(Beginning of Data)

(* The positive and negative parts of D have equal integrals over every half-line (x, oo),
  so they are densities of the same measure. *)
lemma AE_zero_if_moments_exp_zero:
  fixes D :: "real \<Rightarrow> real"
  assumes D: "integrable lborel D" and supp: "\<And>t. t \<le> 0 \<Longrightarrow> D t = 0"
    and mom: "\<And>k::nat. (\<integral>t. D t * exp (- (real k * t)) \<partial>lborel) = 0"
  shows "AE t in lborel. D t = 0"
proof -
  define P where "P t = max 0 (D t)" for t
  define Q where "Q t = max 0 (- D t)" for t
  have [measurable]: "D \<in> borel_measurable borel" using D by auto
  have tail: "emeasure (density lborel (\<lambda>t. ennreal (F t))) {x<..}
      = ennreal (\<integral>t. F t * indicator {x<..} t \<partial>lborel)"
    if F: "integrable lborel F" "\<And>t. F t \<ge> 0" for F :: "real \<Rightarrow> real" and x :: real
  proof -
    have [measurable]: "F \<in> borel_measurable borel" using F by auto
    have "emeasure (density lborel (\<lambda>t. ennreal (F t))) {x<..}
        = (\<integral>\<^sup>+t. ennreal (F t) * indicator {x<..} t \<partial>lborel)"
      by (rule emeasure_density) measurable
    also have "\<dots> = (\<integral>\<^sup>+t. ennreal (F t * indicator {x<..} t) \<partial>lborel)"
      by (intro nn_integral_cong) (simp add: indicator_def)
    also have "\<dots> = ennreal (\<integral>t. F t * indicator {x<..} t \<partial>lborel)"
      using F by (intro nn_integral_eq_integral integrable_real_mult_indicator) auto
    finally show ?thesis .
  qed
  have "(\<integral>t. P t * indicator {x<..} t \<partial>lborel) = (\<integral>t. Q t * indicator {x<..} t \<partial>lborel)" for x
  proof -
    have "integrable lborel (\<lambda>t. F t * indicator {x<..} t)"
      if "integrable lborel F" for F :: "real \<Rightarrow> real"
      using that by (intro integrable_real_mult_indicator) auto
    moreover have "integrable lborel P" "integrable lborel Q"
      using D unfolding P_def Q_def by auto
    ultimately have "(\<integral>t. P t * indicator {x<..} t \<partial>lborel) - (\<integral>t. Q t * indicator {x<..} t \<partial>lborel)
        = (\<integral>t. P t * indicator {x<..} t - Q t * indicator {x<..} t \<partial>lborel)"
      by simp
    also have "\<dots> = (\<integral>t. D t * indicator {x<..} t \<partial>lborel)"
      by (intro Bochner_Integration.integral_cong) (auto simp: P_def Q_def indicator_def)
    also have "\<dots> = 0" by (rule integral_mult_indicator_greaterThan_eq_0[OF D supp mom])
    finally show ?thesis by simp
  qed
  then have "density lborel (\<lambda>t. ennreal (P t)) = density lborel (\<lambda>t. ennreal (Q t))"
    using D by (intro measure_eqI_lessThan) (auto simp: tail P_def Q_def open_greaterThan)
  then have "AE t in lborel. ennreal (P t) = ennreal (Q t)"
    by (intro sigma_finite_measure.density_unique[OF sigma_finite_lborel]) (auto simp: P_def Q_def)
  then show ?thesis
    by eventually_elim (auto simp: P_def Q_def max_def split: if_splits)
qed

lemma AE_zero_if_laplace_zero:
  fixes D :: "real \<Rightarrow> real"
  assumes D: "integrable lborel D" and supp: "\<And>t. t \<le> 0 \<Longrightarrow> D t = 0"
    and laplace: "\<And>k::nat. (\<integral>t. D t * exp (- ((real k + 1) * t)) \<partial>lborel) = 0"
  shows "AE t in lborel. D t = 0"
proof -
  have "AE t in lborel. D t * exp (- t) = 0"
  proof (rule AE_zero_if_moments_exp_zero)
    show "integrable lborel (\<lambda>t. D t * exp (- t))"
      using integrable_mult_exp_on_pos[OF D supp, of 1] by simp
    show "(\<integral>t. D t * exp (- t) * exp (- (real k * t)) \<partial>lborel) = 0" for k
      using laplace[of k] by (simp add: mult.assoc exp_add[symmetric] algebra_simps)
  qed (use supp in auto)
  then show ?thesis by simp
qed

section \<open>Absolutely convergent series in $L^1$\<close>

lemma AE_summable_abs_if_summable_L1:
  fixes F :: "nat \<Rightarrow> real \<Rightarrow> real"
  assumes iF: "\<And>n. integrable lborel (F n)"
    and sF: "summable (\<lambda>n. \<integral>t. \<bar>F n t\<bar> \<partial>lborel)"
  shows "AE t in lborel. summable (\<lambda>n. \<bar>F n t\<bar>)"
proof -
  have [measurable]: "F n \<in> borel_measurable borel" for n using iF by auto
  have "(\<integral>\<^sup>+t. (\<Sum>n. ennreal \<bar>F n t\<bar>) \<partial>lborel) = (\<Sum>n. \<integral>\<^sup>+t. ennreal \<bar>F n t\<bar> \<partial>lborel)"
    by (intro nn_integral_suminf) auto
  also have "\<dots> = (\<Sum>n. ennreal (\<integral>t. \<bar>F n t\<bar> \<partial>lborel))"
    using iF by (simp add: nn_integral_eq_integral)
  also have "\<dots> = ennreal (\<Sum>n. \<integral>t. \<bar>F n t\<bar> \<partial>lborel)"
    by (intro suminf_ennreal2 sF) simp
  finally have "(\<integral>\<^sup>+t. (\<Sum>n. ennreal \<bar>F n t\<bar>) \<partial>lborel) \<noteq> \<infinity>" by simp
  then have "AE t in lborel. (\<Sum>n. ennreal \<bar>F n t\<bar>) \<noteq> \<infinity>"
    by (intro nn_integral_PInf_AE) auto
  then show ?thesis by eventually_elim (auto intro: summable_suminf_not_top)
qed

lemma integrable_suminf_if_summable_L1:
  fixes F :: "nat \<Rightarrow> real \<Rightarrow> real"
  assumes iF: "\<And>n. integrable lborel (F n)"
    and sF: "summable (\<lambda>n. \<integral>t. \<bar>F n t\<bar> \<partial>lborel)"
  shows "integrable lborel (\<lambda>t. \<Sum>n. F n t)"
  using AE_summable_abs_if_summable_L1[OF iF sF] sF
  by (intro integrable_suminf[OF iF]) simp_all

lemma sums_integral_mult_bounded_on_pos:
  fixes F :: "nat \<Rightarrow> real \<Rightarrow> real" and h :: "real \<Rightarrow> real"
  assumes iF: "\<And>n. integrable lborel (F n)"
    and sF: "summable (\<lambda>n. \<integral>t. \<bar>F n t\<bar> \<partial>lborel)"
    and supp: "\<And>n t. t \<le> 0 \<Longrightarrow> F n t = 0"
    and h[measurable]: "h \<in> borel_measurable borel" and h1: "\<And>t. t > 0 \<Longrightarrow> \<bar>h t\<bar> \<le> 1"
  shows "(\<lambda>n. \<integral>t. F n t * h t \<partial>lborel) sums (\<integral>t. (\<Sum>n. F n t) * h t \<partial>lborel)"
proof -
  have [measurable]: "F n \<in> borel_measurable borel" for n using iF by auto
  have Fh: "\<bar>F n t * h t\<bar> \<le> \<bar>F n t\<bar>" for n t
  proof (cases "t \<le> 0")
    case False
    then show ?thesis using h1[of t] by (simp add: abs_mult mult_left_le)
  qed (simp add: supp)
  have AE_summable: "AE t in lborel. summable (\<lambda>n. \<bar>F n t\<bar>)"
    by (rule AE_summable_abs_if_summable_L1[OF iF sF])
  have iFh: "integrable lborel (\<lambda>t. F n t * h t)" for n
    by (rule integrable_mult_bounded_on_pos[OF iF supp h h1])
  have "(\<lambda>n. \<integral>t. F n t * h t \<partial>lborel) sums (\<integral>t. (\<Sum>n. F n t * h t) \<partial>lborel)"
  proof (rule sums_integral[OF iFh])
    show "AE t in lborel. summable (\<lambda>n. norm (F n t * h t))"
      using AE_summable
    proof eventually_elim
      case (elim t)
      show ?case by (rule summable_comparison_test'[OF elim]) (simp add: Fh)
    qed
    show "summable (\<lambda>n. \<integral>t. norm (F n t * h t) \<partial>lborel)"
    proof (rule summable_comparison_test'[OF sF])
      show "norm (\<integral>t. norm (F n t * h t) \<partial>lborel) \<le> (\<integral>t. \<bar>F n t\<bar> \<partial>lborel)" for n
        using iFh iF Fh by (simp add: Bochner_Integration.integral_mono)
    qed
  qed
  also have "(\<integral>t. (\<Sum>n. F n t * h t) \<partial>lborel) = (\<integral>t. (\<Sum>n. F n t) * h t \<partial>lborel)"
    using AE_summable
  proof (intro integral_cong_AE)
    show "AE t in lborel. (\<Sum>n. F n t * h t) = (\<Sum>n. F n t) * h t"
      using AE_summable by eventually_elim (simp add: suminf_mult2 summable_rabs_cancel)
  qed auto
  finally show ?thesis .
qed

lemma nn_integral_abs_minus_partial_sum_le:
  fixes F :: "nat \<Rightarrow> real \<Rightarrow> real" and G :: "real \<Rightarrow> real"
  assumes iF: "\<And>n. integrable lborel (F n)"
    and sF: "summable (\<lambda>n. \<integral>t. \<bar>F n t\<bar> \<partial>lborel)"
    and G: "AE t in lborel. G t = (\<Sum>n. F n t)"
  shows "(\<integral>\<^sup>+t. ennreal \<bar>G t - (\<Sum>n<N. F n t)\<bar> \<partial>lborel)
      \<le> ennreal (\<Sum>i. \<integral>t. \<bar>F (i + N) t\<bar> \<partial>lborel)"
proof -
  have [measurable]: "F n \<in> borel_measurable borel" for n using iF by auto
  have "(\<integral>\<^sup>+t. ennreal \<bar>G t - (\<Sum>n<N. F n t)\<bar> \<partial>lborel)
      \<le> (\<integral>\<^sup>+t. (\<Sum>i. ennreal \<bar>F (i + N) t\<bar>) \<partial>lborel)"
  proof (rule nn_integral_mono_AE)
    show "AE t in lborel. ennreal \<bar>G t - (\<Sum>n<N. F n t)\<bar> \<le> (\<Sum>i. ennreal \<bar>F (i + N) t\<bar>)"
      using AE_summable_abs_if_summable_L1[OF iF sF] G
    proof eventually_elim
      case (elim t)
      have tail: "summable (\<lambda>i. \<bar>F (i + N) t\<bar>)"
        using summable_ignore_initial_segment[OF elim(1), of N] by simp
      have "G t - (\<Sum>n<N. F n t) = (\<Sum>i. F (i + N) t)"
        using suminf_split_initial_segment[OF summable_rabs_cancel[OF elim(1)], of N] elim(2)
        by simp
      then have "\<bar>G t - (\<Sum>n<N. F n t)\<bar> \<le> (\<Sum>i. \<bar>F (i + N) t\<bar>)"
        using summable_rabs[OF tail] by simp
      then have "ennreal \<bar>G t - (\<Sum>n<N. F n t)\<bar> \<le> ennreal (\<Sum>i. \<bar>F (i + N) t\<bar>)"
        by (rule ennreal_leI)
      also have "\<dots> = (\<Sum>i. ennreal \<bar>F (i + N) t\<bar>)"
        by (rule suminf_ennreal2[symmetric]) (simp_all add: tail)
      finally show ?case .
    qed
  qed
  also have "\<dots> = (\<Sum>i. \<integral>\<^sup>+t. ennreal \<bar>F (i + N) t\<bar> \<partial>lborel)"
    by (intro nn_integral_suminf) auto
  also have "\<dots> = (\<Sum>i. ennreal (\<integral>t. \<bar>F (i + N) t\<bar> \<partial>lborel))"
    using iF by (simp add: nn_integral_eq_integral)
  also have "\<dots> = ennreal (\<Sum>i. \<integral>t. \<bar>F (i + N) t\<bar> \<partial>lborel)"
    using summable_ignore_initial_segment[OF sF, of N] by (intro suminf_ennreal2) simp_all
  finally show ?thesis .
qed

lemma tendsto_nn_integral_abs_minus_partial_sum:
  fixes F :: "nat \<Rightarrow> real \<Rightarrow> real" and G :: "real \<Rightarrow> real"
  assumes iF: "\<And>n. integrable lborel (F n)"
    and sF: "summable (\<lambda>n. \<integral>t. \<bar>F n t\<bar> \<partial>lborel)"
    and G: "AE t in lborel. G t = (\<Sum>n. F n t)"
  shows "(\<lambda>N. \<integral>\<^sup>+t. ennreal \<bar>G t - (\<Sum>n<N. F n t)\<bar> \<partial>lborel) \<longlonglongrightarrow> 0"
proof (rule tendsto_sandwich[OF _ _ tendsto_const])
  show "eventually (\<lambda>N. (\<integral>\<^sup>+t. ennreal \<bar>G t - (\<Sum>n<N. F n t)\<bar> \<partial>lborel)
      \<le> ennreal (\<Sum>i. \<integral>t. \<bar>F (i + N) t\<bar> \<partial>lborel)) sequentially"
    using nn_integral_abs_minus_partial_sum_le[OF iF sF G] by simp
  have "(\<lambda>N. \<Sum>i. \<integral>t. \<bar>F (i + N) t\<bar> \<partial>lborel) \<longlonglongrightarrow> 0"
    by (rule suminf_exist_split2[OF sF])
  then show "(\<lambda>N. ennreal (\<Sum>i. \<integral>t. \<bar>F (i + N) t\<bar> \<partial>lborel)) \<longlonglongrightarrow> 0"
    using tendsto_ennrealI by fastforce
qed simp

(End of Data)

[Exercise details] What belongs in the answer is each line of the data that has the word "norm".

[The completed task]
    show "AE t in lborel. summable (\<lambda>n. norm (F n t * h t))"
    show "summable (\<lambda>n. \<integral>t. norm (F n t * h t) \<partial>lborel)"
      show "norm (\<integral>t. norm (F n t * h t) \<partial>lborel) \<le> (\<integral>t. \<bar>F n t\<bar> \<partial>lborel)" for n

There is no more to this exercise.